WHAT THE TASK ASKS:
Return each line exactly as written. Begin with the first line of the entries and end with the line that has "unfolding us_def using that".

Collected data:
lemma orthonormal_basis_extension:
  fixes v :: "real vec"
  assumes v: "v \<in> carrier_vec n" and vv: "v \<bullet> v = 1"
  shows "\<exists>us. set us \<subseteq> carrier_vec n \<and> length us = n \<and> hd us = v \<and>
     (\<forall>i<n. \<forall>j<n. us ! i \<bullet> us ! j = (if i = j then 1 else 0))"
proof -
  have v0: "v \<noteq> 0\<^sub>v n" using vv v by auto
  interpret cof_vec_space n "TYPE(real)" .
  define b where "b = basis_completion v"
  from basis_completion[OF v v0, folded b_def]
  have dist_b: "distinct b" and indep: "\<not> lin_dep (set b)" and b: "set b \<subseteq> carrier_vec n"
    and hdb: "hd b = v" and len_b: "length b = n" by auto
  have n: "n \<noteq> 0" using v0 v by (cases n) auto
  from hdb len_b n obtain vs where bv: "b = v # vs" by (cases b) auto
  define ws where "ws = gram_schmidt n b"
  from gram_schmidt_result[OF b dist_b indep refl, folded ws_def]
  have ws: "set ws \<subseteq> carrier_vec n" "corthogonal ws" "length ws = n" by (auto simp: len_b)
  from gram_schmidt_hd[OF v, of vs, folded bv] have hdws: "hd ws = v" unfolding ws_def .
  define us where "us = map (\<lambda>w. (1 / sqrt (w \<bullet> w)) \<cdot>\<^sub>v w) ws"
  have wsi: "ws ! i \<in> carrier_vec n" if "i < n" for i using ws that by auto
  have wpos: "ws ! i \<bullet> ws ! i > 0" if "i < n" for i
  proof -
    have "ws ! i \<bullet>c ws ! i \<noteq> 0" using corthogonalD[OF ws(2), of i i] ws(3) that by auto
    then have "ws ! i \<noteq> 0\<^sub>v n" using wsi[OF that] by auto
    then show ?thesis using conjugate_square_greater_0_vec[OF wsi[OF that]] by simp
  qed
  have worth: "ws ! i \<bullet> ws ! j = 0" if "i < n" "j < n" "i \<noteq> j" for i j
    using corthogonalD[OF ws(2), of i j] ws(3) that by simp
  have "us ! i \<bullet> us ! j = (if i = j then 1 else 0)" if "i < n" "j < n" for i j
  proof -
    have "us ! i \<bullet> us ! j = (1 / sqrt (ws!i \<bullet> ws!i)) * (1 / sqrt (ws!j \<bullet> ws!j)) * (ws!i \<bullet> ws!j)"
      unfolding us_def using that ws wsi[OF that(1)] wsi[OF that(2)] by simp
    also have "\<dots> = (if i = j then 1 else 0)"
      using worth[OF that] wpos[OF that(1)] by (auto simp: field_simps real_sqrt_mult[symmetric])
    finally show ?thesis .
  qed
  moreover have "set us \<subseteq> carrier_vec n" "length us = n" unfolding us_def using ws by auto
  moreover have "hd us = v" unfolding us_def using ws n hdws vv by (cases ws) auto
  ultimately show ?thesis by blast
qed

lemma unit_eigenvector_exists:
  fixes A :: "real mat"
  assumes A: "A \<in> carrier_mat n n" and ev: "eigenvalue A e"
  shows "\<exists>v. v \<in> carrier_vec n \<and> v \<bullet> v = 1 \<and> A *\<^sub>v v = e \<cdot>\<^sub>v v"
proof -
  obtain w where w: "w \<in> carrier_vec n" "w \<noteq> 0\<^sub>v n" "A *\<^sub>v w = e \<cdot>\<^sub>v w"
    using ev A unfolding eigenvalue_def eigenvector_def by auto
  have ww: "w \<bullet> w > 0" using conjugate_square_greater_0_vec[OF w(1)] w(2) by simp
  define v where "v = (1 / sqrt (w \<bullet> w)) \<cdot>\<^sub>v w"
  have "v \<in> carrier_vec n" "v \<bullet> v = 1" unfolding v_def using w ww by (auto simp: field_simps)
  moreover have "A *\<^sub>v v = e \<cdot>\<^sub>v v" unfolding v_def
    using mult_mat_vec[OF A w(1)] w(3) by (auto simp: smult_smult_assoc mult.commute)
  ultimately show ?thesis by blast
qed

abbreviation block_diag1 :: "'a::zero mat \<Rightarrow> 'a mat \<Rightarrow> 'a mat" where
  "block_diag1 A B \<equiv> four_block_mat A (0\<^sub>m 1 (dim_col B)) (0\<^sub>m (dim_row B) 1) B"

lemma diag_of_list_Cons: "block_diag1 (mat 1 1 (\<lambda>_. e)) (diag_of_list es) = diag_of_list (e # es)"
  unfolding diag_of_list_def by (rule eq_matI) (auto simp: nth_Cons')

lemma orthonormal_mat_block_diag1:
  assumes P: "orthonormal_mat n P"
  shows "orthonormal_mat (Suc n) (block_diag1 (1\<^sub>m 1) P)"
proof -
  from P have P: "P \<in> carrier_mat n n" "transpose_mat P * P = 1\<^sub>m n" "P * transpose_mat P = 1\<^sub>m n"
    unfolding orthonormal_mat_def by auto
  let ?B = "block_diag1 (1\<^sub>m 1) P"
  note mult_block = mult_four_block_mat[where ?nr1.0=1 and ?n1.0=1 and ?nc1.0=1 and ?nr2.0=n and ?n2.0=n and ?nc2.0=n]
  have Bt: "transpose_mat ?B = block_diag1 (1\<^sub>m 1) (transpose_mat P)"
    using P by (subst transpose_four_block_mat) auto
  have Pt: "transpose_mat P \<in> carrier_mat n n" using P by auto
  have "transpose_mat ?B * ?B = 1\<^sub>m (Suc n)" "?B * transpose_mat ?B = 1\<^sub>m (Suc n)"
    unfolding Bt using P Pt by (subst mult_block, auto)+
  then show ?thesis using P unfolding orthonormal_mat_def by auto
qed

lemma block_diag1_conjugate:
  fixes A :: "real mat"
  assumes P: "P \<in> carrier_mat n n" and A: "A \<in> carrier_mat n n"
  shows "transpose_mat (block_diag1 (1\<^sub>m 1) P) * block_diag1 (mat 1 1 (\<lambda>_. e)) A * block_diag1 (1\<^sub>m 1) P
       = block_diag1 (mat 1 1 (\<lambda>_. e)) (transpose_mat P * A * P)"
proof -
  have Pt: "transpose_mat P \<in> carrier_mat n n" using P by auto
  note mult_block = mult_four_block_mat[where ?nr1.0=1 and ?n1.0=1 and ?nc1.0=1 and ?nr2.0=n and ?n2.0=n and ?nc2.0=n]
  have "transpose_mat (block_diag1 (1\<^sub>m 1) P) = block_diag1 (1\<^sub>m 1) (transpose_mat P)"
    using P by (subst transpose_four_block_mat) auto
  moreover have "block_diag1 (1\<^sub>m 1) (transpose_mat P) * block_diag1 (mat 1 1 (\<lambda>_. e)) A
      = block_diag1 (mat 1 1 (\<lambda>_. e)) (transpose_mat P * A)"
    using P A Pt by (subst mult_block) auto
  moreover have "block_diag1 (mat 1 1 (\<lambda>_. e)) (transpose_mat P * A) * block_diag1 (1\<^sub>m 1) P
      = block_diag1 (mat 1 1 (\<lambda>_. e)) (transpose_mat P * A * P)"
    using P A Pt by (subst mult_block) auto
  ultimately show ?thesis by simp
qed

lemma symmetric_deflation:
  fixes A :: "real mat"
  assumes A: "A \<in> carrier_mat (Suc n) (Suc n)" and sym: "transpose_mat A = A"
    and v: "v \<in> carrier_vec (Suc n)" "v \<bullet> v = 1" and eig: "A *\<^sub>v v = e \<cdot>\<^sub>v v"
  shows "\<exists>U A'. orthonormal_mat (Suc n) U \<and> A' \<in> carrier_mat n n \<and> transpose_mat A' = A' \<and>
           transpose_mat U * A * U = block_diag1 (mat 1 1 (\<lambda>_. e)) A'"
proof -
  obtain us where us: "set us \<subseteq> carrier_vec (Suc n)" "length us = Suc n" "hd us = v"
    and on: "\<forall>i<Suc n. \<forall>j<Suc n. us ! i \<bullet> us ! j = (if i = j then 1 else 0)"
    using orthonormal_basis_extension[OF v] by blast
  define U where "U = mat_of_cols (Suc n) us"
  have oU: "orthonormal_mat (Suc n) U" unfolding U_def by (rule orthonormal_mat_of_cols[OF us(1,2) on])
  then have U: "U \<in> carrier_mat (Suc n) (Suc n)" unfolding orthonormal_mat_def by auto
  have "map vec_inv us = us"
    using on us(1,2) by (intro nth_equalityI) (auto simp: vec_inv_def)
  then have Uinv: "corthogonal_inv U = transpose_mat U"
    unfolding corthogonal_inv_def U_def using us by (simp add: transpose_mat_of_cols)
  define B where "B = transpose_mat U * A * U"
  have B: "B \<in> carrier_mat (Suc n) (Suc n)" unfolding B_def using U A by auto
  \<comment> \<open>\<open>U\<close> has first column \<open>v\<close>, so the first column of \<open>B\<close> is \<open>e\<close> times a unit vector;
    symmetry of \<open>B\<close> then clears its first row as well\<close>
  have v0: "v \<noteq> 0\<^sub>v (Suc n)" using v by auto
  have corth: "corthogonal us" using on us(2) by (intro corthogonalI) simp
  have col0: "col B 0 = vec (Suc n) (\<lambda>i. if i = 0 then e else 0)"
    using corthogonal_col_ev_0[OF A v(1) v0 eig _ us(3,1) corth us(2)]
    unfolding B_def Uinv[unfolded U_def] U_def by simp
  have "transpose_mat B = transpose_mat (transpose_mat U * (A * U))"
    unfolding B_def using U A by simp
  also have "\<dots> = transpose_mat (A * U) * U"
    using U A by (subst transpose_mult[of _ "Suc n" "Suc n"]) auto
  also have "\<dots> = B"
    unfolding B_def using U A sym by (subst transpose_mult[of _ "Suc n" "Suc n"]) auto
  finally have symB: "transpose_mat B = B" .
  have Bsym: "B $$ (i, j) = B $$ (j, i)" if "i < Suc n" "j < Suc n" for i j
    using arg_cong[OF symB, of "\<lambda>M. M $$ (j, i)"] B that by auto
  have B0: "B $$ (i, 0) = (if i = 0 then e else 0)" if "i < Suc n" for i
    using arg_cong[OF col0, of "\<lambda>w. w $ i"] B that by auto
  define A' where "A' = mat n n (\<lambda>(i,j). B $$ (Suc i, Suc j))"
  have "B = block_diag1 (mat 1 1 (\<lambda>_. e)) A'"
    by (rule eq_matI) (use B B0 Bsym in \<open>auto simp: A'_def\<close>)
  moreover have "transpose_mat A' = A'"
    unfolding A'_def by (rule eq_matI) (auto simp: Bsym)
  ultimately show ?thesis using oU unfolding B_def by (intro exI[of _ U] exI[of _ A']) (auto simp: A'_def)
qed

lemma char_poly_orthonormal_block_diag1:
  fixes A :: "real mat"
  assumes A: "A \<in> carrier_mat n n" and U: "orthonormal_mat n U" and A': "A' \<in> carrier_mat n' n'"
    and UAU: "transpose_mat U * A * U = block_diag1 (mat 1 1 (\<lambda>_. e)) A'"
  shows "char_poly A = [: -e, 1 :] * char_poly A'"
proof -
  have Uc: "U \<in> carrier_mat n n" and UU: "transpose_mat U * U = 1\<^sub>m n" "U * transpose_mat U = 1\<^sub>m n"
    using U unfolding orthonormal_mat_def by auto
  have "similar_mat (transpose_mat U * A * U) A"
    unfolding similar_mat_def
    by (intro exI[of _ "transpose_mat U"] exI[of _ U] similar_mat_witI[of _ _ n]) (use Uc A UU in auto)
  then have "char_poly A = char_poly (block_diag1 (mat 1 1 (\<lambda>_. e)) A')"
    unfolding UAU by (simp add: char_poly_similar)
  also have "\<dots> = char_poly (mat 1 1 (\<lambda>_. e)) * char_poly A'"
    by (rule char_poly_four_block_zeros_col) (use A' in auto)
  also have "char_poly (mat 1 1 (\<lambda>_. e)) = [: -e, 1 :]"
    by (simp add: char_poly_defs det_def sign_def)
  finally show ?thesis .
qed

OUTPUT:
lemma orthonormal_basis_extension:
  fixes v :: "real vec"
  assumes v: "v \<in> carrier_vec n" and vv: "v \<bullet> v = 1"
  shows "\<exists>us. set us \<subseteq> carrier_vec n \<and> length us = n \<and> hd us = v \<and>
     (\<forall>i<n. \<forall>j<n. us ! i \<bullet> us ! j = (if i = j then 1 else 0))"
proof -
  have v0: "v \<noteq> 0\<^sub>v n" using vv v by auto
  interpret cof_vec_space n "TYPE(real)" .
  define b where "b = basis_completion v"
  from basis_completion[OF v v0, folded b_def]
  have dist_b: "distinct b" and indep: "\<not> lin_dep (set b)" and b: "set b \<subseteq> carrier_vec n"
    and hdb: "hd b = v" and len_b: "length b = n" by auto
  have n: "n \<noteq> 0" using v0 v by (cases n) auto
  from hdb len_b n obtain vs where bv: "b = v # vs" by (cases b) auto
  define ws where "ws = gram_schmidt n b"
  from gram_schmidt_result[OF b dist_b indep refl, folded ws_def]
  have ws: "set ws \<subseteq> carrier_vec n" "corthogonal ws" "length ws = n" by (auto simp: len_b)
  from gram_schmidt_hd[OF v, of vs, folded bv] have hdws: "hd ws = v" unfolding ws_def .
  define us where "us = map (\<lambda>w. (1 / sqrt (w \<bullet> w)) \<cdot>\<^sub>v w) ws"
  have wsi: "ws ! i \<in> carrier_vec n" if "i < n" for i using ws that by auto
  have wpos: "ws ! i \<bullet> ws ! i > 0" if "i < n" for i
  proof -
    have "ws ! i \<bullet>c ws ! i \<noteq> 0" using corthogonalD[OF ws(2), of i i] ws(3) that by auto
    then have "ws ! i \<noteq> 0\<^sub>v n" using wsi[OF that] by auto
    then show ?thesis using conjugate_square_greater_0_vec[OF wsi[OF that]] by simp
  qed
  have worth: "ws ! i \<bullet> ws ! j = 0" if "i < n" "j < n" "i \<noteq> j" for i j
    using corthogonalD[OF ws(2), of i j] ws(3) that by simp
  have "us ! i \<bullet> us ! j = (if i = j then 1 else 0)" if "i < n" "j < n" for i j
  proof -
    have "us ! i \<bullet> us ! j = (1 / sqrt (ws!i \<bullet> ws!i)) * (1 / sqrt (ws!j \<bullet> ws!j)) * (ws!i \<bullet> ws!j)"
      unfolding us_def using that ws wsi[OF that(1)] wsi[OF that(2)] by simp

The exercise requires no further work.